Сказав это, шеф посмотрел на меня и добавил:

— Если, конечно, ты продолжишь с ним работу.

Я не стал больше спорить с Федориным, хотя своими доводами он нисколько не убедил меня в целесообразности повторной беседы с Авдеевым. Более того, я был убежден: если не предъявить Авдееву фотографию, на которой он запечатлен вместе с Боденом, он будет упорно стоять на своем и все отрицать. Я знал несколько подобных случаев, когда люди отвергали домогательства сотрудников иностранных разведок, но категорически отрицали, что им были сделаны вербовочные предложения. Сотрудник одного ведомства, совершивший серьезный проступок, растративший крупную сумму денег, что и послужило поводом для провокации, был за это наказан, но в процессе разбирательства так и не признался, что его пытались завербовать и он ответил отказом.
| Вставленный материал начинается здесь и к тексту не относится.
(* Let $L/K_P$ be a finite extension. There is a unique homomorphism $r:\mathbf{S}_L\to\mathbb{Q}$ such that for every $s\in\mathbf{S}_L$ and every $\alpha\in L^+$, $v_L(\alpha^s)=r(s)\cdot v_L(\alpha)$.
   Context: $P$ is a closed point of a smooth projective curve over a finite field of characteristic $p$, $K_P$ the completion of the function field at $P$, $\mathbb{C}_P$ the completion of an algebraic closure of $K_P$, $v_L=e_{L/K_P}v_P$ the normalized valuation of $L$ extended to $\mathbb{C}_P$. $L^+=L^\times/\mu_L$ ($\mu_L$ = roots of unity of $L$), and $U_L$ denotes the $1$-units of $L$, identified with a subgroup of $L^+$. The Goss plane $\mathbf{S}_L$ is the group of homomorphisms $s:L^+\to\mathbb{C}_P^\times$ for which there is $y(s)\in\mathbb{Z}_p$ with $s(u)=u^{y(s)}$ for all $u\in U_L$; one writes $\alpha^s=s(\alpha)$ and the group law on $\mathbf{S}_L$ additively. *)

theory Defs
  imports "HOL-Computational_Algebra.Formal_Laurent_Series"
          "HOL-Computational_Algebra.Polynomial"
begin

(* K_P is modelled as F_q((t)) = 'k fls with 'k a finite field.
   The field C_P is a type 'c with a valuation v : 'c => rat (value at 0 irrelevant)
   and an embedding iota : 'k fls => 'c. *)

definition is_valuation :: "('c::field \<Rightarrow> rat) \<Rightarrow> bool" where
  "is_valuation v \<longleftrightarrow>
     (\<forall>x y. x \<noteq> 0 \<longrightarrow> y \<noteq> 0 \<longrightarrow> v (x * y) = v x + v y) \<and>
     (\<forall>x y. x \<noteq> 0 \<longrightarrow> y \<noteq> 0 \<longrightarrow> x + y \<noteq> 0 \<longrightarrow> v (x + y) \<ge> min (v x) (v y))"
А виной всему был крепко засевший в нем страх, что свои ему не поверят и до конца дней будут подозревать его во всех смертных грехах.

— Ну хорошо, осталось ответить на последний вопрос — продолжил Скворцов: — Зачем контрразведке понадобилось подставлять нам своего сотрудника? Пока, кроме того что удалось подтвердить твою принадлежность к разведке, никаких дивидендов она не получила. А кое-какой информацией о своей деятельности, и притом весьма важной, контрразведке все же пришлось пожертвовать. Какую же цель она преследует?

— Они рассчитывают, что им удастся завербовать меня! — убежденно сказал я, потому что вопрос шефа в первую очередь был адресован мне. — В этом и заключается суть их замысла.

— Почему ты так считаешь? — спросил Федорин.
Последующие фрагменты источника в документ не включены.